Note: () The content in represents the sub-mode \
2) mode options after logical symbols
! Regular Expression! Logical options
A: Only the characters starting with the target string are matched.
E: This option allows the regular expression consisting of the Escape Character $ to match only the end character of the target string. If the m option is selected, the option is ignored.
U: This option disables searches with the maximum length. In general, search will try to find the longest matching string. For example, the matching result of the mode/a +/in the "caaaaab" string is "aaaaa", but the matching result of the mode/a +/U with this option is "".
S: learning the mode to improve the search speed.
I: This option is case-insensitive.
M: This option treats strings containing line breaks as multiple rows rather than one row.
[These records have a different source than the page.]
lemma sample_size_suffices:
  fixes m C \<epsilon> T :: real
  assumes "m \<ge> 0" "C \<ge> 0" "\<epsilon> > 0" "T > 0" "T \<ge> 2 * (m ^ 3 + C^2 * m ^ 2) / \<epsilon>^2"
  shows "m * (C + sqrt m) / sqrt T \<le> \<epsilon>"
proof -
  have "(C + sqrt m)^2 \<le> 2 * (C^2 + m)"
    using assms(1) zero_le_power2[of "C - sqrt m"] unfolding power2_sum power2_diff by simp
  then have "(m * (C + sqrt m))^2 \<le> m^2 * (2 * (C^2 + m))"
    unfolding power_mult_distrib by (rule mult_left_mono) simp
  also have "\<dots> = 2 * (m ^ 3 + C^2 * m ^ 2)"
    by algebra
  also have "\<dots> \<le> (\<epsilon> * sqrt T)^2"
    using assms(3-5) by (simp add: power_mult_distrib pos_divide_le_eq mult.commute)
  finally have "m * (C + sqrt m) \<le> \<epsilon> * sqrt T"
    by (rule power2_le_imp_le) (use assms(3,4) in simp)
  then show ?thesis
    using assms(4) by (simp add: pos_divide_le_eq)
qed

theorem theorem5p2:
  shows "\<exists>K>0. \<forall>(m::nat) (u::nat \<Rightarrow> real) (C::real) (\<epsilon>::real) (T::nat) (act::nat \<Rightarrow> nat).
     m \<ge> 1 \<longrightarrow> (\<forall>i<m. 0 \<le> u i \<and> u i \<le> 1) \<longrightarrow> C \<ge> 0 \<longrightarrow> \<epsilon> > 0 \<longrightarrow> T \<ge> 1 \<longrightarrow>
     real T \<ge> K * (real m ^ 3 + C^2 * real m ^ 2) / \<epsilon>^2 \<longrightarrow>
     (\<forall>t<T. act t < m) \<longrightarrow> no_regret m u C T act \<longrightarrow>
     eps_learns m u \<epsilon> (principal_output m T act)"
proof (rule exI[of _ 2], intro conjI allI impI)
  fix m :: nat and u :: "nat \<Rightarrow> real" and C \<epsilon> :: real and T :: nat and act :: "nat \<Rightarrow> nat"
  assume u: "\<forall>i<m. 0 \<le> u i \<and> u i \<le> 1" and "C \<ge> 0" "\<epsilon> > 0" "T \<ge> 1"
    and T_large: "real T \<ge> 2 * (real m ^ 3 + C^2 * real m ^ 2) / \<epsilon>^2"
    and act: "\<forall>t<T. act t < m" and regret: "no_regret m u C T act"
  have "real m * (C + sqrt (real m)) / sqrt (real T) \<le> \<epsilon>"
    using sample_size_suffices[OF _ \<open>C \<ge> 0\<close> \<open>\<epsilon> > 0\<close> _ T_large] \<open>T \<ge> 1\<close> by simp
  then show "eps_learns m u \<epsilon> (principal_output m T act)"
    unfolding eps_learns_def
    using principal_output_error[OF u \<open>C \<ge> 0\<close> \<open>T \<ge> 1\<close> act regret]
    by (intro exI[of _ "- (1 + (\<Sum>i<m. u i) / real m)"] allI impI) force
qed (simp)

end
(* Let $\{(\mathbf{x}^k,\mathbf{y}^k,\boldsymbol{\gamma}^k)\}$ be generated by the two-block linearized ADMM below, applied under the standing assumptions (i)–(iv) below, with parameters satisfying $$L_x\ge L_g+\beta L_{\mathbf{A}}+6L_w^2+1,\quad L_y\ge L_w+L_w^2+3,\quad C_m=\tfrac{L_y+L_w^2}{2},\quad \beta\ge\max\left\{\frac{L_w+L_y+2}{\lambda_{\mathbf{B}^{\rm T}\mathbf{B}}},\frac{3(L_w^2+L_y^2)}{\lambda_{\mathbf{B}^{\rm T}\mathbf{B}}C_m},\frac{3L_y^2}{\lambda_{\mathbf{B}^{\rm T}\mathbf{B}}}\right\},$$ where $L_{\mathbf{A}}$ is the largest eigenvalue of $\mathbf{A}^{\rm T}\mathbf{A}$, $\lambda_{\mathbf{B}^{\rm T}\mathbf{B}}$ the smallest eigenvalue of $\mathbf{B}^{\rm T}\mathbf{B}$, and $L_w=L_g+L_h$. Define, for $k\ge1$, $$m_k=L_\beta(\mathbf{x}^k,\mathbf{y}^k,\boldsymbol{\gamma}^k)+C_m\|\mathbf{y}^k-\mathbf{y}^{k-1}\|^2.$$ Then the sequence $\{m_k\}$ is convergent.
   Context: Problem: minimize $g(\mathbf{x},\mathbf{y})+f(\mathbf{x})+h(\mathbf{y})$ s.t. $\mathbf{A}\mathbf{x}+\mathbf{B}\mathbf{y}=\mathbf{0}$, $\mathbf{x}\in\mathbb{R}^p$, $\mathbf{y}\in\mathbb{R}^q$, $\mathbf{A}\in\mathbb{R}^{n\times p}$, $\mathbf{B}\in\mathbb{R}^{n\times q}$; $f$ possibly nonconvex nonsmooth. Standing assumptions: (i) $\nabla h$ is $L_h$-Lipschitz; (ii) $\nabla g$ is $L_g$-Lipschitz; (iii) $g+f+h$ is lower bounded on the feasible set $\{(\mathbf{x},\mathbf{y}):\mathbf{A}\mathbf{x}+\mathbf{B}\mathbf{y}=\mathbf{0}\}$ and coercive w.r.t. $\mathbf{y}$ over it (objective $\to+\infty$ along any feasible sequence with $\|\mathbf{y}^k\|\to\infty$); (iv) $\mathbf{B}$ has full column rank and $\mathrm{Im}(\mathbf{A})\subset\mathrm{Im}(\mathbf{B})$. $L_\beta(\mathbf{x},\mathbf{y},\boldsymbol{\gamma})=g(\mathbf{x},\mathbf{y})+f(\mathbf{x})+h(\mathbf{y})+\langle\boldsymbol{\gamma},\mathbf{A}\mathbf{x}+\mathbf{B}\mathbf{y}\rangle+\frac{\beta}{2}\|\mathbf{A}\mathbf{x}+\mathbf{B}\mathbf{y}\|^2$. Algorithm (parameters $L_x,L_y,\beta>0$, arbitrary initialization): $\mathbf{x}^{k+1}\in\arg\min\bar f^k$, $\mathbf{y}^{k+1}=\arg\min\bar h^k$, $\boldsymbol{\gamma}^{k+1}=\boldsymbol{\gamma}^k+\beta(\mathbf{A}\mathbf{x}^{k+1}+\mathbf{B}\mathbf{y}^{k+1})$, where $\bar f^k(\mathbf{x})=f(\mathbf{x})+\langle\boldsymbol{\gamma}^k,\mathbf{A}\mathbf{x}\rangle+\frac{L_x}{2}\|\mathbf{x}-\mathbf{x}^k\|^2+\langle\mathbf{x}-\mathbf{x}^k,\nabla_{\mathbf{x}}g(\mathbf{x}^k,\mathbf{y}^k)+\beta\mathbf{A}^{\rm T}(\mathbf{A}\mathbf{x}^k+\mathbf{B}\mathbf{y}^k)\rangle$, $\bar h^k(\mathbf{y})=\langle\boldsymbol{\gamma}^k,\mathbf{B}\mathbf{y}\rangle+\frac{L_y}{2}\|\mathbf{y}-\mathbf{y}^k\|^2+\frac{\beta}{2}\|\mathbf{A}\mathbf{x}^{k+1}+\mathbf{B}\mathbf{y}\|^2+\langle\mathbf{y}-\mathbf{y}^k,\nabla_{\mathbf{y}}g(\mathbf{x}^{k+1},\mathbf{y}^k)+\nabla h(\mathbf{y}^k)\rangle$ (minimizers of $\bar f^k$ assumed to exist). *)

theory Defs
  imports "HOL-Analysis.Analysis"
begin

definition is_eigenvalue :: "real^'n^'n \<Rightarrow> real \<Rightarrow> bool" where
  "is_eigenvalue M l \<longleftrightarrow> (\<exists>v. v \<noteq> 0 \<and> M *v v = l *\<^sub>R v)"

definition aug_lagr ::
  "(real^'p \<Rightarrow> real^'q \<Rightarrow> real) \<Rightarrow> (real^'p \<Rightarrow> real) \<Rightarrow> (real^'q \<Rightarrow> real)
   \<Rightarrow> real^'p^'n \<Rightarrow> real^'q^'n \<Rightarrow> real \<Rightarrow> real^'p \<Rightarrow> real^'q \<Rightarrow> real^'n \<Rightarrow> real" where
  "aug_lagr g f h A B \<beta> x y \<gamma> =
     g x y + f x + h y + \<gamma> \<bullet> (A *v x + B *v y) + \<beta> / 2 * (norm (A *v x + B *v y))\<^sup>2"

text \<open>Surrogate for the x-update (\<open>\<bar>f\<^sup>k\<close>), with \<open>gx\<close> the partial gradient of g in x.\<close>
definition fbar ::
  "(real^'p \<Rightarrow> real) \<Rightarrow> (real^'p \<Rightarrow> real^'q \<Rightarrow> real^'p) \<Rightarrow> real^'p^'n \<Rightarrow> real^'q^'n
   \<Rightarrow> real \<Rightarrow> real \<Rightarrow> real^'p \<Rightarrow> real^'q \<Rightarrow> real^'n \<Rightarrow> real^'p \<Rightarrow> real" where
  "fbar f gx A B \<beta> Lx xk yk \<gamma>k x =
     f x + \<gamma>k \<bullet> (A *v x) + Lx / 2 * (norm (x - xk))\<^sup>2
     + (x - xk) \<bullet> (gx xk yk + \<beta> *\<^sub>R (transpose A *v (A *v xk + B *v yk)))"

text \<open>Surrogate for the y-update (\<open>\<bar>h\<^sup>k\<close>); \<open>xk1\<close> is \<open>x\<^sup>k\<^sup>+\<^sup>1\<close>, \<open>gy\<close> the partial gradient of g in y,
  \<open>gh\<close> the gradient of h.\<close>
definition hbar ::
  "(real^'p \<Rightarrow> real^'q \<Rightarrow> real^'q) \<Rightarrow> (real^'q \<Rightarrow> real^'q) \<Rightarrow> real^'p^'n \<Rightarrow> real^'q^'n
   \<Rightarrow> real \<Rightarrow> real \<Rightarrow> real^'p \<Rightarrow> real^'q \<Rightarrow> real^'n \<Rightarrow> real^'q \<Rightarrow> real" where
  "hbar gy gh A B \<beta> Ly xk1 yk \<gamma>k y =
     \<gamma>k \<bullet> (B *v y) + Ly / 2 * (norm (y - yk))\<^sup>2 + \<beta> / 2 * (norm (A *v xk1 + B *v y))\<^sup>2
     + (y - yk) \<bullet> (gy xk1 yk + gh yk)"

end

theory Submission
  imports Defs
begin

text \<open>
  The merit function \<open>m\<^sub>k\<close> is nonincreasing and bounded below, hence convergent.
  Each primal step decreases the augmented Lagrangian by a multiple of the squared step length
  (descent lemma plus the strong convexity of the surrogates), while the dual step increases it
  by \<open>\<beta> \<parallel>Ax + By\<parallel>\<^sup>2 = \<parallel>\<gamma>\<^sup>k\<^sup>+\<^sup>1 - \<gamma>\<^sup>k\<parallel>\<^sup>2 / \<beta>\<close>.  The optimality condition of the y-update expresses
  \<open>B\<^sup>T \<gamma>\<^sup>k\<^sup>+\<^sup>1\<close> through primal quantities, and since the dual increments lie in the range of \<open>B\<close>, the
  smallest eigenvalue of \<open>B\<^sup>T B\<close> turns this into a bound on the dual increment by the last two
  primal steps, which the term \<open>C\<^sub>m \<parallel>y\<^sup>k - y\<^sup>k\<^sup>-\<^sup>1\<parallel>\<^sup>2\<close> absorbs.  For the lower bound, the same
  optimality condition and the descent lemma compare \<open>m\<^sub>k\<close> with the objective at a feasible point.
\<close>

lemma power2_norm_add:
  fixes a b :: "'a::real_inner"
  shows "(norm (a + b))\<^sup>2 = (norm a)\<^sup>2 + 2 * (a \<bullet> b) + (norm b)\<^sup>2"
  unfolding power2_norm_eq_inner by (simp add: inner_add_left inner_add_right inner_commute[of b a])

lemma norm_add3_power2_le:
  fixes a b c :: "'a::real_normed_vector"
  shows "(norm (a + b + c))\<^sup>2 \<le> 3 * ((norm a)\<^sup>2 + (norm b)\<^sup>2 + (norm c)\<^sup>2)"
proof -
  have "norm (a + b + c) \<le> norm a + norm b + norm c"
    by (metis add_right_mono norm_triangle_ineq order_trans)
  then have "(norm (a + b + c))\<^sup>2 \<le> (norm a + norm b + norm c)\<^sup>2" by (simp add: power_mono)
  moreover have "3 * ((norm a)\<^sup>2 + (norm b)\<^sup>2 + (norm c)\<^sup>2) - (norm a + norm b + norm c)\<^sup>2
     = (norm a - norm b)\<^sup>2 + (norm b - norm c)\<^sup>2 + (norm a - norm c)\<^sup>2"
    by (simp add: power2_eq_square algebra_simps)
  moreover have "0 \<le> (norm a - norm b)\<^sup>2 + (norm b - norm c)\<^sup>2 + (norm a - norm c)\<^sup>2" by simp
  ultimately show ?thesis by linarith
qed

lemma binary_quadratic_nonneg:
  fixes p m q \<nu> \<delta> :: real
  assumes "p > 0" "m\<^sup>2 \<le> p * q"
  shows "0 \<le> p * \<nu>\<^sup>2 - 2 * m * \<delta> * \<nu> + q * \<delta>\<^sup>2"
proof -
  have "p * (p * \<nu>\<^sup>2 - 2 * m * \<delta> * \<nu> + q * \<delta>\<^sup>2) = (p * \<nu> - m * \<delta>)\<^sup>2 + (p * q - m\<^sup>2) * \<delta>\<^sup>2"
    by (simp add: power2_eq_square algebra_simps)
  also have "\<dots> \<ge> 0" using assms by simp
  finally show ?thesis using assms(1) by (simp add: zero_le_mult_iff)
qed

lemma linear_coeff_zero_if_quadratic_nonneg:
  fixes b c :: real
  assumes nonneg: "\<And>t. 0 \<le> 2 * t * b + t\<^sup>2 * c"
  shows "b = 0"
proof -
  define s where "s = 1 / (\<bar>c\<bar> + 1)"
  have s: "0 < s" "s * \<bar>c\<bar> \<le> 1" by (simp_all add: s_def field_simps)
  have "0 \<le> 2 * (- s * b) * b + (- s * b)\<^sup>2 * c" by (rule nonneg)
  then have "2 * s * b\<^sup>2 \<le> s * b\<^sup>2 * (s * c)" by (simp add: power2_eq_square algebra_simps)
  also have "\<dots> \<le> s * b\<^sup>2 * 1"
    using s by (intro mult_left_mono) (auto intro: order_trans[OF mult_left_mono[OF abs_ge_self]])
  finally show ?thesis using s(1) by simp
qed

lemma lipschitz_gradient_upper_bound:
  fixes F :: "'a::real_inner \<Rightarrow> real" and G :: "'a \<Rightarrow> 'a"
  assumes der: "\<And>z. (F has_derivative (\<lambda>d. G z \<bullet> d)) (at z)"
    and lip: "\<And>z w. norm (G z - G w) \<le> L * norm (z - w)"
  shows "F y \<le> F x + G x \<bullet> (y - x) + L/2 * (norm (y - x))\<^sup>2"
proof -
  define d where "d = y - x"
  define \<phi> where "\<phi> t = t * (G x \<bullet> d) + L/2 * t\<^sup>2 * (norm d)\<^sup>2 - F (x + t *\<^sub>R d)" for t
  have dF: "((\<lambda>t. F (x + t *\<^sub>R d)) has_real_derivative (G (x + t *\<^sub>R d) \<bullet> d)) (at t)" for t
  proof -
    have "((F \<circ> (\<lambda>t. x + t *\<^sub>R d)) has_derivative ((\<lambda>e. G (x + t *\<^sub>R d) \<bullet> e) \<circ> (\<lambda>s. s *\<^sub>R d))) (at t)"
      by (rule diff_chain_at[OF _ der]) (auto intro!: derivative_eq_intros)
    moreover have "(\<lambda>e. G (x + t *\<^sub>R d) \<bullet> e) \<circ> (\<lambda>s. s *\<^sub>R d) = (\<lambda>s. (G (x + t *\<^sub>R d) \<bullet> d) * s)"
      by (auto simp: fun_eq_iff)
    ultimately show ?thesis by (simp add: has_field_derivative_def o_def)
  qed
  have slope: "(G (x + t *\<^sub>R d) - G x) \<bullet> d \<le> L * t * (norm d)\<^sup>2" if "0 \<le> t" for t
  proof -
    have "(G (x + t *\<^sub>R d) - G x) \<bullet> d \<le> norm (G (x + t *\<^sub>R d) - G x) * norm d"
      by (rule norm_cauchy_schwarz)
    also have "\<dots> \<le> (L * norm (t *\<^sub>R d)) * norm d"
      using lip[of "x + t *\<^sub>R d" x] by (intro mult_right_mono) auto
    also have "\<dots> = L * t * (norm d)\<^sup>2" using that by (simp add: power2_eq_square)
    finally show ?thesis .
  qed
  have "\<phi> 0 \<le> \<phi> 1"
  proof (rule DERIV_nonneg_imp_nondecreasing[of 0 1], simp)
    fix t :: real assume t: "0 \<le> t" "t \<le> 1"
    have "(\<phi> has_real_derivative G x \<bullet> d + L * t * (norm d)\<^sup>2 - G (x + t *\<^sub>R d) \<bullet> d) (at t)"
      unfolding \<phi>_def by (rule derivative_eq_intros dF refl | simp)+
    moreover have "0 \<le> G x \<bullet> d + L * t * (norm d)\<^sup>2 - G (x + t *\<^sub>R d) \<bullet> d"
      using slope[OF t(1)] by (simp add: inner_diff_left)
    ultimately show "\<exists>y. (\<phi> has_real_derivative y) (at t) \<and> 0 \<le> y" by blast
  qed
  then show ?thesis by (simp add: \<phi>_def d_def)
qed

lemma inner_matrix_vector_transpose:
  fixes A :: "real^'n^'m"
  shows "x \<bullet> (A *v y) = (transpose A *v x) \<bullet> y"
  by (simp add: dot_lmul_matrix)

lemma norm_matrix_vector_power2:
  fixes A :: "real^'n^'m"
  shows "(norm (A *v v))\<^sup>2 = v \<bullet> ((transpose A ** A) *v v)"
proof -
  have "v \<bullet> ((transpose A ** A) *v v) = v \<bullet> (transpose A *v (A *v v))"
    by (simp only: matrix_vector_mul_assoc)
  also have "\<dots> = (A *v v) \<bullet> (A *v v)"
    by (simp only: inner_matrix_vector_transpose[of v "transpose A"] transpose_transpose)
  finally show ?thesis by (simp add: power2_norm_eq_inner)
qed

lemma symmetric_matrix_min_eigenvalue:
  fixes M :: "real^'n^'n"
  assumes sym: "transpose M = M"
  shows "\<exists>\<mu>. is_eigenvalue M \<mu> \<and> (\<forall>x. \<mu> * (norm x)\<^sup>2 \<le> x \<bullet> (M *v x))"
proof -
  let ?q = "\<lambda>x::real^'n. x \<bullet> (M *v x)"
  have cont: "continuous_on (sphere 0 1) ?q"
    by (intro continuous_intros linear_continuous_on matrix_vector_mul_bounded_linear)
  have ne: "sphere (0::real^'n) 1 \<noteq> {}"
    by (simp add: sphere_def) (metis norm_sgn vector_choose_size zero_le_one)
  obtain u where u: "norm u = 1" and umin: "\<And>y. norm y = 1 \<Longrightarrow> ?q u \<le> ?q y"
    using continuous_attains_inf[OF compact_sphere ne cont] by auto
  define \<mu> where "\<mu> = ?q u"
  have bnd: "\<mu> * (norm x)\<^sup>2 \<le> ?q x" for x
  proof (cases "x = 0")
    case False
    have "norm ((1 / norm x) *\<^sub>R x) = 1" using False by simp
    then have "\<mu> \<le> ?q ((1 / norm x) *\<^sub>R x)" using umin \<mu>_def by blast
    also have "\<dots> = ?q x / (norm x)\<^sup>2"
      by (simp add: matrix_vector_mult_scaleR power2_eq_square)
    finally show ?thesis using False by (simp add: field_simps)
  qed simp
  txt \<open>The excess \<open>e\<close> of the quadratic form over \<open>\<mu> \<parallel>x\<parallel>\<^sup>2\<close> is nonnegative and vanishes at \<open>u\<close>,
    so its first variation \<open>b\<close> at \<open>u\<close> vanishes: this is the eigenvector equation.\<close>
  define e where "e x = ?q x - \<mu> * (norm x)\<^sup>2" for x
  define b where "b v = (M *v u - \<mu> *\<^sub>R u) \<bullet> v" for v
  have expand: "e (u + t *\<^sub>R v) = 2 * t * b v + t\<^sup>2 * e v" for t v
  proof -
    have s: "u \<bullet> (M *v v) = (M *v u) \<bullet> v"
      using inner_matrix_vector_transpose[of u M v] sym by simp
    have eu: "e u = 0" using u by (simp add: e_def \<mu>_def)
    show ?thesis
      unfolding e_def b_def power2_norm_add using eu u
      by (simp add: algebra_simps inner_add_left inner_add_right power2_norm_eq_inner e_def
            power2_eq_square s inner_commute[of v "M *v u"])
  qed
  have "b v = 0" for v
  proof (rule linear_coeff_zero_if_quadratic_nonneg)
    fix t
    show "0 \<le> 2 * t * b v + t\<^sup>2 * e v"
      using bnd[of "u + t *\<^sub>R v"] expand[of t v] by (simp add: e_def)
  qed
  then have "M *v u - \<mu> *\<^sub>R u = 0" unfolding b_def by (metis inner_eq_zero_iff)
  moreover have "u \<noteq> 0" using u by auto
  ultimately have "is_eigenvalue M \<mu>" unfolding is_eigenvalue_def by (metis eq_iff_diff_eq_0)
  with bnd show ?thesis by blast
qed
At this time, "$", "^" and other characters match each line break.
S: This option matches the period "." With the line break.
X: This option notifies the PHP interpreter to ignore non-escape space characters in the regular expression definition during analysis. In this way, spaces can be used in regular expressions to enhance readability, but escape characters must be used in expressions.
3) Extended Mode symbol.
(? # Comment) Add comment comments to enhance the readability of regular expressions.
(? = Pattern) specifies that the pattern value must be followed after the pattern.
(?! Pattern) specifies that the pattern value cannot be followed after the pattern.
(? N) define the mode option n inside the mode rather than at the end.
(? :) Characters are consumed, and matching results are not captured.
Example: echo ereg ("? : ^ A $ "," a "); // No output

Contact Us

The content source of this page is from Internet, which doesn't represent Alibaba Cloud's opinion; products and services mentioned on that page don't have any relationship with Alibaba Cloud. If the content of the page makes you feel confusing, please write us an email, we will handle the problem within 5 days after receiving your email.

If you find any instances of plagiarism from the community, please send an email to: info-contact@alibabacloud.com and provide relevant evidence. A staff member will contact you within 5 working days.

A Free Trial That Lets You Build Big!

Start building with 50+ products and up to 12 months usage for Elastic Compute Service

  • Sales Support

    1 on 1 presale consultation

  • After-Sales Support

    24/7 Technical Support 6 Free Tickets per Quarter Faster Response

  • Alibaba Cloud offers highly flexible support services tailored to meet your exact needs.